● Exercise prompt
Pull each line holding "rceil" out of the entries below.

[Stored data entries]
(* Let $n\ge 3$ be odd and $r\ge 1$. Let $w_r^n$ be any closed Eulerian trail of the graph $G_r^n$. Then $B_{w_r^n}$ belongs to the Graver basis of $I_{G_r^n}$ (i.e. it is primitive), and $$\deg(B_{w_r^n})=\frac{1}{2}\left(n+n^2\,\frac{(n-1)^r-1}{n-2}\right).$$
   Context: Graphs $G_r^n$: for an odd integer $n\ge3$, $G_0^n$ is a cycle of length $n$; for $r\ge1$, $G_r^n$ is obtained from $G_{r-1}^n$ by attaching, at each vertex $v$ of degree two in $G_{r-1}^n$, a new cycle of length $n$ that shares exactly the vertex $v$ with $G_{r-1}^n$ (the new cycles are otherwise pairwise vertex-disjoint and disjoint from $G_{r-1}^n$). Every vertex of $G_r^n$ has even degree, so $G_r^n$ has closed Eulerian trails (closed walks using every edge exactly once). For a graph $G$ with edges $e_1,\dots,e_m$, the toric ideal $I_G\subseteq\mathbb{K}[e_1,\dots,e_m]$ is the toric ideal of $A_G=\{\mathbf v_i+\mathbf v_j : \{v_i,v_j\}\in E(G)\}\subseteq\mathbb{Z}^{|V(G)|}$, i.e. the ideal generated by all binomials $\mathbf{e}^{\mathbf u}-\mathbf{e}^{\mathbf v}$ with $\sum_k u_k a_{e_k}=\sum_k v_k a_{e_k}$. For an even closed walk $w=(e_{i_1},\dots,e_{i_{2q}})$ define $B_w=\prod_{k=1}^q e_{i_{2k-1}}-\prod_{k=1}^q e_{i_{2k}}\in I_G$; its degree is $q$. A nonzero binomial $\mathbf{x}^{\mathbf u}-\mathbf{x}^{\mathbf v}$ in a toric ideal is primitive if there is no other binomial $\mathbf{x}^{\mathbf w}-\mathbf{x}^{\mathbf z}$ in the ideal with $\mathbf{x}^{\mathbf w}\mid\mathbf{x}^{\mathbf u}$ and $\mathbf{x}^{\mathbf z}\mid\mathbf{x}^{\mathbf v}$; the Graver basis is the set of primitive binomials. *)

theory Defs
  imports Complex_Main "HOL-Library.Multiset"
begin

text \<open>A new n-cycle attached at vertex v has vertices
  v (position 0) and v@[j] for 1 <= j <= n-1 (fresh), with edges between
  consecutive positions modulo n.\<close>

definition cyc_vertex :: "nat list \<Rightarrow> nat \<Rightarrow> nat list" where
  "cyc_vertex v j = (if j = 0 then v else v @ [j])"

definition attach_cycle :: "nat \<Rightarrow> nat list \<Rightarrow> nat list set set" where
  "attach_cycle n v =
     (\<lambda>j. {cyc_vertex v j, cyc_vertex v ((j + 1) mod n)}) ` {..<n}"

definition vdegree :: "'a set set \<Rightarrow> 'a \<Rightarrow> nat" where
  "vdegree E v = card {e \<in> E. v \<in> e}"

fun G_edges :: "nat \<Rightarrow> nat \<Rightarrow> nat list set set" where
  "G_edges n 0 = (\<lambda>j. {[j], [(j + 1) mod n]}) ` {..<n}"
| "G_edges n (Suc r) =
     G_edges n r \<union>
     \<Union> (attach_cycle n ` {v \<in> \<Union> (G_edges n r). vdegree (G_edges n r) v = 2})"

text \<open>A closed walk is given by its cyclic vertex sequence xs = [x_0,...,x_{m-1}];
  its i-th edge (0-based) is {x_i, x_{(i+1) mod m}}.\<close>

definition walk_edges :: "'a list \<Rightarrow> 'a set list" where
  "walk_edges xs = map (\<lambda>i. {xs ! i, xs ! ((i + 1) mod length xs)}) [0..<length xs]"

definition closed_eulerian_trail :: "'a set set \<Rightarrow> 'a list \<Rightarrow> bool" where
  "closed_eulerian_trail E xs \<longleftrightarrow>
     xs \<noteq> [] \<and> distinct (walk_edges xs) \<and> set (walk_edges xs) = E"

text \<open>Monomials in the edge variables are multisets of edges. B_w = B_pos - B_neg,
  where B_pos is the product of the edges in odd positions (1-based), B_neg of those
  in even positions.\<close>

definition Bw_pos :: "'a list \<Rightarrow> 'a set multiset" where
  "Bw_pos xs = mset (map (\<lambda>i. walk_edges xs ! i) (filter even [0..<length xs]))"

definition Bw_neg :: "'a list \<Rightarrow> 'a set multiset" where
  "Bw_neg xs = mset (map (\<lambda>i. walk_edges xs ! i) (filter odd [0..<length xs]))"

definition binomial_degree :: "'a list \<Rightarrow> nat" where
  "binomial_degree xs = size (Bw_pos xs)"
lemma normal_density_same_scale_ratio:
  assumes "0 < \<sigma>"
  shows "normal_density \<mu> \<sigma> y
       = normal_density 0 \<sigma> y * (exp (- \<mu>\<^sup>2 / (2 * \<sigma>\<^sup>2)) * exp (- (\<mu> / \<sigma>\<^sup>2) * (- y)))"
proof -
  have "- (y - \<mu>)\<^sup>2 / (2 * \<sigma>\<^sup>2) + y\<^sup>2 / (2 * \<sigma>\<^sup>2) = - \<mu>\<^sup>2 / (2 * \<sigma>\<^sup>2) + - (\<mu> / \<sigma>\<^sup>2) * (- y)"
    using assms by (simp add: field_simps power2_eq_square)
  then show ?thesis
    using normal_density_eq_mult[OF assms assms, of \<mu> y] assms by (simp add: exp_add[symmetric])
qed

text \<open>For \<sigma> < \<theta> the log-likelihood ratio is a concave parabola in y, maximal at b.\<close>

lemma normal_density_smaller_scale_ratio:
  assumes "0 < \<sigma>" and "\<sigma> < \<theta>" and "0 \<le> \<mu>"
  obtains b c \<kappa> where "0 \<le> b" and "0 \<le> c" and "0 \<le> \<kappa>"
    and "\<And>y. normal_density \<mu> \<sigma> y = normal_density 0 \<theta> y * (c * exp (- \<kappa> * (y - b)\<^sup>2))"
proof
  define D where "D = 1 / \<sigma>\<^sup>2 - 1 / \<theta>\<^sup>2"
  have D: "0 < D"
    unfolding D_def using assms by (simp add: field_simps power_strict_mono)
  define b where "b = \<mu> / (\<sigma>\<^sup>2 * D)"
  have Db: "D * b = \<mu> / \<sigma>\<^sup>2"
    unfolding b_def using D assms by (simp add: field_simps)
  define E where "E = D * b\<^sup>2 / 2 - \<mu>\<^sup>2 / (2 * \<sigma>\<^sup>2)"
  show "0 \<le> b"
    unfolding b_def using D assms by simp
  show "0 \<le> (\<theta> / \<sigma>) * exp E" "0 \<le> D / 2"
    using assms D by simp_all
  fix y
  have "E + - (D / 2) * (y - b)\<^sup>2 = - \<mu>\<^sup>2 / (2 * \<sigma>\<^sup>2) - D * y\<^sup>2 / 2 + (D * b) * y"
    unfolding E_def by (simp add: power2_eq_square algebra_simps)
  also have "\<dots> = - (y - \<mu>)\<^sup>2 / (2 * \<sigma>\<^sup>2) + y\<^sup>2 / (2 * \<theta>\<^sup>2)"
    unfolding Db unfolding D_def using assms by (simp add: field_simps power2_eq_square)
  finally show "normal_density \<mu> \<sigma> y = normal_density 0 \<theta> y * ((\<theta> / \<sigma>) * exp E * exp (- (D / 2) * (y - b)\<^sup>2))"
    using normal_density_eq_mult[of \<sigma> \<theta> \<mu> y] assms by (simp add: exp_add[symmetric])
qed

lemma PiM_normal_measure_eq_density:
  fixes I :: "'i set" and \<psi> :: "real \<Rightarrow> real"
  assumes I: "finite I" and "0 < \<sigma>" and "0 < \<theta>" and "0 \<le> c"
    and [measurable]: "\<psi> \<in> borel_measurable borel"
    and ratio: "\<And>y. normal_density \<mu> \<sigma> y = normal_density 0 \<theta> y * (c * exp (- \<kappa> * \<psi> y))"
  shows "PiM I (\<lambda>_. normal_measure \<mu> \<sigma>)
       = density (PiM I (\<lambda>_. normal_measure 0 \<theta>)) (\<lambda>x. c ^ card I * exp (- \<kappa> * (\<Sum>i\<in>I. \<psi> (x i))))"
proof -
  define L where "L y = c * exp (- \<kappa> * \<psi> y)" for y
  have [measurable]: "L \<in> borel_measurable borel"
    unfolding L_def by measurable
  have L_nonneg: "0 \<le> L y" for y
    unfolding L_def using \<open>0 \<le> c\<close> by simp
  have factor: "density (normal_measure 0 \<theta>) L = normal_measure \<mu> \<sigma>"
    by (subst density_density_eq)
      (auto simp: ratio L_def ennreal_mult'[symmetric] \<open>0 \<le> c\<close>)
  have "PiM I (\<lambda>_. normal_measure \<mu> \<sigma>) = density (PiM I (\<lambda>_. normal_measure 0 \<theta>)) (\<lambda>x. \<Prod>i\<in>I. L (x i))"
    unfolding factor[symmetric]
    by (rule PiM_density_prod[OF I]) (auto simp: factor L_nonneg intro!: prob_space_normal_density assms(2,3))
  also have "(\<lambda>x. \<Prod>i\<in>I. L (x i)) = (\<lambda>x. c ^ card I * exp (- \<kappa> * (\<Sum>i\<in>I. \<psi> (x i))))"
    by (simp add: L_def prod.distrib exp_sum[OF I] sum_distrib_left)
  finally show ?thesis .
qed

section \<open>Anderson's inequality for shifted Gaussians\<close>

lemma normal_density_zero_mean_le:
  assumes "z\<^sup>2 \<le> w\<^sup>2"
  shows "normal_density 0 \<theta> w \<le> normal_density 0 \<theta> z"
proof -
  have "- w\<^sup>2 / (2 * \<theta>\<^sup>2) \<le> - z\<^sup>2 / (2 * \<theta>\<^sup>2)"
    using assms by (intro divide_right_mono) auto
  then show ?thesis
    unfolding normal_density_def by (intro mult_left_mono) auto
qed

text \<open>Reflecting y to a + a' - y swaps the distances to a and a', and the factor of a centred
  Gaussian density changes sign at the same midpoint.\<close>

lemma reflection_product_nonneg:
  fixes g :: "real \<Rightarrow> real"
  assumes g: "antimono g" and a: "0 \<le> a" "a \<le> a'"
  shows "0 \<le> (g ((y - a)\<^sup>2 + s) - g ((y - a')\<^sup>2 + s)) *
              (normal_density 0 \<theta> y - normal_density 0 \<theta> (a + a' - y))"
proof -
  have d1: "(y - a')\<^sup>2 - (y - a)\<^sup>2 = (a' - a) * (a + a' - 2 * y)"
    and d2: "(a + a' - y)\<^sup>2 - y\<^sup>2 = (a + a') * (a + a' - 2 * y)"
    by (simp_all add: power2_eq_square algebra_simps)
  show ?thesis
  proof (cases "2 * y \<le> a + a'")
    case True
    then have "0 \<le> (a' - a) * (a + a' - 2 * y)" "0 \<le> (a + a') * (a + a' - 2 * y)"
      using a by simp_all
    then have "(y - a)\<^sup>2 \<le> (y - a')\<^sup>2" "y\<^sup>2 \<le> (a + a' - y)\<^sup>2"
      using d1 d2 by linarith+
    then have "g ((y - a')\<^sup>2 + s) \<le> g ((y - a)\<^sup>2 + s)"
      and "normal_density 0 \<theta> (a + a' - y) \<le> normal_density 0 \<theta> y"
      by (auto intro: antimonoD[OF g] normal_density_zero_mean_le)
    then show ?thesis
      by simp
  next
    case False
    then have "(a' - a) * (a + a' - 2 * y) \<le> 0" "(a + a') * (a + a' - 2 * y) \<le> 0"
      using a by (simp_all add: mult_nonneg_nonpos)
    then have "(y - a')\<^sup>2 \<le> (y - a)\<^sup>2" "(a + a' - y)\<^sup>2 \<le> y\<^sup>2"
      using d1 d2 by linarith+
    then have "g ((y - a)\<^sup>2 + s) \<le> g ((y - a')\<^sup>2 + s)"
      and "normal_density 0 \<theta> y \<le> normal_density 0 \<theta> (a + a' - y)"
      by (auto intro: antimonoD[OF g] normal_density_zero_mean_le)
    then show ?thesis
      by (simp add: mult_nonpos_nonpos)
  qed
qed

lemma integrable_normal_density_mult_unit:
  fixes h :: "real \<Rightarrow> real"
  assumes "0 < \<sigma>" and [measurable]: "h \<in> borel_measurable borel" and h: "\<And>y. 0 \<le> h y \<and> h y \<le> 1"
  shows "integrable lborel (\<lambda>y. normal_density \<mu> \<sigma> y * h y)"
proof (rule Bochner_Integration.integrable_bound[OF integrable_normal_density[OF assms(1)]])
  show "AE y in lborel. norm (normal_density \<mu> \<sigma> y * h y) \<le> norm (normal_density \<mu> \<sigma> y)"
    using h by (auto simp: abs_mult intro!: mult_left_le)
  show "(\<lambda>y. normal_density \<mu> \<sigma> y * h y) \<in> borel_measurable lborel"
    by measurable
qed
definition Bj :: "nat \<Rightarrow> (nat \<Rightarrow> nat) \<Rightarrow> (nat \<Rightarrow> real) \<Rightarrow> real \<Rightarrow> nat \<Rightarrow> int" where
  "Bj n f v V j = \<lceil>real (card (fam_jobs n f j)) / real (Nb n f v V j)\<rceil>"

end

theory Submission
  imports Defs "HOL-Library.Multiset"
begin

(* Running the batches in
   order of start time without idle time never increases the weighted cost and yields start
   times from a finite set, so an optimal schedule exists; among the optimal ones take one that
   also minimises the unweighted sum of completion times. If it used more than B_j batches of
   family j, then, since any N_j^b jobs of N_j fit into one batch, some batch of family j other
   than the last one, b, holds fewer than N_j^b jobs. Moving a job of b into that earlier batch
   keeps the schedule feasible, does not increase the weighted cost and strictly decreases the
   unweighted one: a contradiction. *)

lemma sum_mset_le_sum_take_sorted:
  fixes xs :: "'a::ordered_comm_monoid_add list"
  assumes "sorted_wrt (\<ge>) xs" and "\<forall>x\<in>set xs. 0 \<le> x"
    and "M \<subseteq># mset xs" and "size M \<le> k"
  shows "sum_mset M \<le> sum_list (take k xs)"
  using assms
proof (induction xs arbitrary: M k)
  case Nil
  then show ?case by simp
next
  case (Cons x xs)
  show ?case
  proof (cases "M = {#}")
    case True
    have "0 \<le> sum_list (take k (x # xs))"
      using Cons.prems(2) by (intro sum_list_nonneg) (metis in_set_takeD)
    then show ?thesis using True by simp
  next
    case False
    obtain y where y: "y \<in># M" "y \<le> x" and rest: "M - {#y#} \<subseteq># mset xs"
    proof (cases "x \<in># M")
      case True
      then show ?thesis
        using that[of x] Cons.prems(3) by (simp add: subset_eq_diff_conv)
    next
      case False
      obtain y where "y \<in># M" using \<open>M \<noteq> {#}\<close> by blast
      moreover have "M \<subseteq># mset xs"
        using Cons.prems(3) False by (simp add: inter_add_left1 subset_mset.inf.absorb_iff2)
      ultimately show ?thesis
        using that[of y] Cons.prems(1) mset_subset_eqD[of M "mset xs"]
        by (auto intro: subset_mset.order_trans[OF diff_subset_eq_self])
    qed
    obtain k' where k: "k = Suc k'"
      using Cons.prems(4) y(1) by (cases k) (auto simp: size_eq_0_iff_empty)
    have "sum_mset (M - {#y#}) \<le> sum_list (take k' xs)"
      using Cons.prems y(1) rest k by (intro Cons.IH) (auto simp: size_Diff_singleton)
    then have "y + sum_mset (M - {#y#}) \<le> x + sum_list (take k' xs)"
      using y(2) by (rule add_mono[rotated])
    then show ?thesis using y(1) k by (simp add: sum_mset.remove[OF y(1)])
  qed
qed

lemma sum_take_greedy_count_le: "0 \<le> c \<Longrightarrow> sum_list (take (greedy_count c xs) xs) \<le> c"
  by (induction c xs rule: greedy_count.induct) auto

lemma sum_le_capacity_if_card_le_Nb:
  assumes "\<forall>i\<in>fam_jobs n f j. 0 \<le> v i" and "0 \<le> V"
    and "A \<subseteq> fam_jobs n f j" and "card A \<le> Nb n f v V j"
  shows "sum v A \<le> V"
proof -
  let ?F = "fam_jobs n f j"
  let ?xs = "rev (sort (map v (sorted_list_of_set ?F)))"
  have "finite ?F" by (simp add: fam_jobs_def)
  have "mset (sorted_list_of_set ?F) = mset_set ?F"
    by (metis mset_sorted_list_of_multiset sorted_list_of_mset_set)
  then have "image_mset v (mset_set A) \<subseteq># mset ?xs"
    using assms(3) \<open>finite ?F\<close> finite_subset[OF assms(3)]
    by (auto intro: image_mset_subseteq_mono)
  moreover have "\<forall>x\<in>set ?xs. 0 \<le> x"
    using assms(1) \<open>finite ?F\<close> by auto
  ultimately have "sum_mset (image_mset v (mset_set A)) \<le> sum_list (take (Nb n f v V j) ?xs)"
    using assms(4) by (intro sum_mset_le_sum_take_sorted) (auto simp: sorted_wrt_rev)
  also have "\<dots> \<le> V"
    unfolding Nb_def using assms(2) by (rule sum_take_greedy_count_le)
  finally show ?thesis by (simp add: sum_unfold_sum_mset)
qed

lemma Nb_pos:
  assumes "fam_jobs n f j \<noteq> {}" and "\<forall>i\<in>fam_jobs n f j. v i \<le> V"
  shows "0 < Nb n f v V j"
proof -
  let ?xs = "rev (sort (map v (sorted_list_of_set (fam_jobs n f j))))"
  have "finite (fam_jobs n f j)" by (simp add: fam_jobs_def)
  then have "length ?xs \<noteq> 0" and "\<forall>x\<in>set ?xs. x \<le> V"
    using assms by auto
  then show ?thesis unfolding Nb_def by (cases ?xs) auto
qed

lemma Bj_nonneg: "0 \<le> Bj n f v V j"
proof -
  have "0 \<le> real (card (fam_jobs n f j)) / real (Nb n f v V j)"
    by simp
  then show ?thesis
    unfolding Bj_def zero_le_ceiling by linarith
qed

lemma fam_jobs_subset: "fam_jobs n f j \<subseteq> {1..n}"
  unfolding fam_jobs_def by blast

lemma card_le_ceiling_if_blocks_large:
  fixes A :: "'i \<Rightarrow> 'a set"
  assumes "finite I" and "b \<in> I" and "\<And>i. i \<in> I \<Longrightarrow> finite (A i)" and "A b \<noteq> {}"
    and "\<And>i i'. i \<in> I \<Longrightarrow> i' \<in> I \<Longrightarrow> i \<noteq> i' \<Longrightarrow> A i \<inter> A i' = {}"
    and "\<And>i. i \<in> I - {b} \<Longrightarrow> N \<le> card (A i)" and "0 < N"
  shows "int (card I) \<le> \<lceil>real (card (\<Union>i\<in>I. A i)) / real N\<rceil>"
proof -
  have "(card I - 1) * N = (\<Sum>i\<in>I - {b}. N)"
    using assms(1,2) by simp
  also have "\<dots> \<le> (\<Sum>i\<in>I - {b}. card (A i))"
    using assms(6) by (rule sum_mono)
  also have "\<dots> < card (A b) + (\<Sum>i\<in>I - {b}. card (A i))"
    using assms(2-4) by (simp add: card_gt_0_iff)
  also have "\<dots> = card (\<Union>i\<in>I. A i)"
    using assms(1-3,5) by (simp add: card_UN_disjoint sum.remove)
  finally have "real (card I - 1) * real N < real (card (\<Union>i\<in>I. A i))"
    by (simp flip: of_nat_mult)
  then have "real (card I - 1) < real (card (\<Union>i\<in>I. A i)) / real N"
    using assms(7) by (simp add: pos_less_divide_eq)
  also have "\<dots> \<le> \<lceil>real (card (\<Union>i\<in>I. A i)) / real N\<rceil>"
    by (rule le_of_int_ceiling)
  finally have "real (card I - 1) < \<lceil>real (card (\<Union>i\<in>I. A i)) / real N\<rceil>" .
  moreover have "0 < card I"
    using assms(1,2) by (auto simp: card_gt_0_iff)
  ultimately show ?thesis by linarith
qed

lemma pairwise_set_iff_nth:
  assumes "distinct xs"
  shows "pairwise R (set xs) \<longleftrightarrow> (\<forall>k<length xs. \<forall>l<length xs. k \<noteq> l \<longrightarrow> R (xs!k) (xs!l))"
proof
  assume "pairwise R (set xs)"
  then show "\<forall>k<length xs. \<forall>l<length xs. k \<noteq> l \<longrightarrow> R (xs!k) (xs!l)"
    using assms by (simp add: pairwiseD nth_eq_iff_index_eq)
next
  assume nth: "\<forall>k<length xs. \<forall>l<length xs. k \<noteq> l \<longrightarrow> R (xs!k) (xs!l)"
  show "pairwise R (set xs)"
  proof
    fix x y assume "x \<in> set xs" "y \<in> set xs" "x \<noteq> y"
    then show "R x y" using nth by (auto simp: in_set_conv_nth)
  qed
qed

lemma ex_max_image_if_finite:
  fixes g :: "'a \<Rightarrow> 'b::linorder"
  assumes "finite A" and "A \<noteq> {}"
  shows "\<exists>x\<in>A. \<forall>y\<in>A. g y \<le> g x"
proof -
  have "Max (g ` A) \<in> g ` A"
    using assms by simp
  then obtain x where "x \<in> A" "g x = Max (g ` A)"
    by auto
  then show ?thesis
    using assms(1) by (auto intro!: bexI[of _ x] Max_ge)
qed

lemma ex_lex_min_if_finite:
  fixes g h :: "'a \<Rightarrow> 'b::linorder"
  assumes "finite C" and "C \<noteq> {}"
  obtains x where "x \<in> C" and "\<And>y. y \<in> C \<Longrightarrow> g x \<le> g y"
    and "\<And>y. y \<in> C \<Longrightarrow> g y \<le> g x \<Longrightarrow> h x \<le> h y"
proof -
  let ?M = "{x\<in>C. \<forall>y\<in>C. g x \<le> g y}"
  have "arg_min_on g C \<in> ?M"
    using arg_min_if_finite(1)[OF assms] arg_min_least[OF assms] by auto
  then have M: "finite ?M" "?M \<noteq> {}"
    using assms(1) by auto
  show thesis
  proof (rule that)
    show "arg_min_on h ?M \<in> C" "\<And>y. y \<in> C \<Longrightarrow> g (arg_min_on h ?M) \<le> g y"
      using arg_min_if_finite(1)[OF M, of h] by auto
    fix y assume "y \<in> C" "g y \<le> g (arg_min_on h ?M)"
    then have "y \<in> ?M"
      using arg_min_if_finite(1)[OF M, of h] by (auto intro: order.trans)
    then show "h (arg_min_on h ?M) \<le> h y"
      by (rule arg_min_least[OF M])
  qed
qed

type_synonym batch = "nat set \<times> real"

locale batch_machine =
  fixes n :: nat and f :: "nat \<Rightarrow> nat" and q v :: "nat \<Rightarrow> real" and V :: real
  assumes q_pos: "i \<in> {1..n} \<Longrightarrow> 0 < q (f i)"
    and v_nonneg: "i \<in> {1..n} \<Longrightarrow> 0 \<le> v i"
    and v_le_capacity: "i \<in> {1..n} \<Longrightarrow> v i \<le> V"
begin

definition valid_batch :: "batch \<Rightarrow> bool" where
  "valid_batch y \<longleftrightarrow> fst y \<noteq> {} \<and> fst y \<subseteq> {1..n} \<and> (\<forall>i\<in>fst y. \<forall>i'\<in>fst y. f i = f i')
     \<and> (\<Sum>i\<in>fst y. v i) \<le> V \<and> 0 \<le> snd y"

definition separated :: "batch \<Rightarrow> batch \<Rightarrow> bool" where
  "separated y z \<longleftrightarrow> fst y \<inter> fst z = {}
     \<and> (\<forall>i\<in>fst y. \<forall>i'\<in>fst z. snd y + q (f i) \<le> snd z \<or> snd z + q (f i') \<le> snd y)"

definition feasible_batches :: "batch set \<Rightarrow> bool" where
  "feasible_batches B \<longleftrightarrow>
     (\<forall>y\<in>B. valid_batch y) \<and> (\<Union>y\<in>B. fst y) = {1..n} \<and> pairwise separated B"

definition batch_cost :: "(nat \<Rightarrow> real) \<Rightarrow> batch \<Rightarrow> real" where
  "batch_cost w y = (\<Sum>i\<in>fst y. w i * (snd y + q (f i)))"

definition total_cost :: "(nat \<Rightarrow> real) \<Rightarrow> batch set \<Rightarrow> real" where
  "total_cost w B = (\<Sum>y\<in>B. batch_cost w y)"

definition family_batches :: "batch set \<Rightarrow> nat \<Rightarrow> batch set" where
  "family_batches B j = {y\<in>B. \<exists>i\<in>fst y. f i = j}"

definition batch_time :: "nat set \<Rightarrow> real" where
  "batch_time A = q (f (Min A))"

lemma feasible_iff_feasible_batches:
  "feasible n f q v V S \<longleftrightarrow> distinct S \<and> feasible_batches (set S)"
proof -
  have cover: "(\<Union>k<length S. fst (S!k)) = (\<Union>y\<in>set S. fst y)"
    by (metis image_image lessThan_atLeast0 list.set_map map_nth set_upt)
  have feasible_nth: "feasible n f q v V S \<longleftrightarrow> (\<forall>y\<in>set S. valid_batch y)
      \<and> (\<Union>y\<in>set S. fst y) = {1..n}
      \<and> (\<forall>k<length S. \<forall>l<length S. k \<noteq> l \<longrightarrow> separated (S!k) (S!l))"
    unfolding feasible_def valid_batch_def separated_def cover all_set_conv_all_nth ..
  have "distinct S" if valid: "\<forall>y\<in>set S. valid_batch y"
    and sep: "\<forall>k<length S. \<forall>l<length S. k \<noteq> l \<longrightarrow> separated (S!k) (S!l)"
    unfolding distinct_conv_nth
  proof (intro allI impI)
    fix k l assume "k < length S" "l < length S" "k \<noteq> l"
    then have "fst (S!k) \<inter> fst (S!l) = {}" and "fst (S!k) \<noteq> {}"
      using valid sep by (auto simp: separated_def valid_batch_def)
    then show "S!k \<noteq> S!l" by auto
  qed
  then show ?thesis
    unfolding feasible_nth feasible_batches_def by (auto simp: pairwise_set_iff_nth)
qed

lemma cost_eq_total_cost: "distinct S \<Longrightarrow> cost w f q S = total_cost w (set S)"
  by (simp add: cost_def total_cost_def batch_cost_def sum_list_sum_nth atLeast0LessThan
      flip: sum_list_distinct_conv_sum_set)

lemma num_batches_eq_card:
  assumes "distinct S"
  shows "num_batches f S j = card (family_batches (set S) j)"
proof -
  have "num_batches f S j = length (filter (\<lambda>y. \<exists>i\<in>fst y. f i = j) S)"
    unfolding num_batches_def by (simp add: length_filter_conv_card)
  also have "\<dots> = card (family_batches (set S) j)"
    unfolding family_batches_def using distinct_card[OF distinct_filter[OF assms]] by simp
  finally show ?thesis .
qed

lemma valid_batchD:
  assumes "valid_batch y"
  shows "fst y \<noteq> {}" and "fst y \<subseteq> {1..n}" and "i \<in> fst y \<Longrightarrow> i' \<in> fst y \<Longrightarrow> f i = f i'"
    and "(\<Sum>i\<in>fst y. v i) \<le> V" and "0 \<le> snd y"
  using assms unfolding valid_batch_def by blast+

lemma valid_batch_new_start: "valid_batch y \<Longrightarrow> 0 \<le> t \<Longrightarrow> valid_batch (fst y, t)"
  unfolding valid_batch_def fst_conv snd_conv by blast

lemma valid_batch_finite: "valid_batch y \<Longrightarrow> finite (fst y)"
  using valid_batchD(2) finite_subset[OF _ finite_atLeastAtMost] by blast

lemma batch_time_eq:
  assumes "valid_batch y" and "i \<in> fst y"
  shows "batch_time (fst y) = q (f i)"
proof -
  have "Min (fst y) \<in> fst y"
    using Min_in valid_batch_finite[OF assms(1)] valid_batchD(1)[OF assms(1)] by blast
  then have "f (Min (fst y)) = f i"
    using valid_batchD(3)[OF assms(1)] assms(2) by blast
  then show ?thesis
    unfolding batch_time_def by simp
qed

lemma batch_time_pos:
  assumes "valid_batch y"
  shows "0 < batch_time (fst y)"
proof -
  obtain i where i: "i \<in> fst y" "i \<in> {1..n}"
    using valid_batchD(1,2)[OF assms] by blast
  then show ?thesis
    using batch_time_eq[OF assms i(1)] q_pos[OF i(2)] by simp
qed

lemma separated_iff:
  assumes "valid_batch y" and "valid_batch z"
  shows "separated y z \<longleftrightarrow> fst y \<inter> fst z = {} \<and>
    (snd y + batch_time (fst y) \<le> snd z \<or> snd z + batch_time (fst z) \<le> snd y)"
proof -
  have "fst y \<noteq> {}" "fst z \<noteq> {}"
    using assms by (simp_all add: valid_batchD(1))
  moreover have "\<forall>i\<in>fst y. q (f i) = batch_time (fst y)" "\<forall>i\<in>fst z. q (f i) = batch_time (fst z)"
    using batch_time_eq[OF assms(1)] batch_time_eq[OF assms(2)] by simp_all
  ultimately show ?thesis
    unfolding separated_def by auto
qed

● Task result
  "Bj n f v V j = \<lceil>real (card (fam_jobs n f j)) / real (Nb n f v V j)\<rceil>"
  shows "int (card I) \<le> \<lceil>real (card (\<Union>i\<in>I. A i)) / real N\<rceil>"
  also have "\<dots> \<le> \<lceil>real (card (\<Union>i\<in>I. A i)) / real N\<rceil>"
  finally have "real (card I - 1) < \<lceil>real (card (\<Union>i\<in>I. A i)) / real N\<rceil>" .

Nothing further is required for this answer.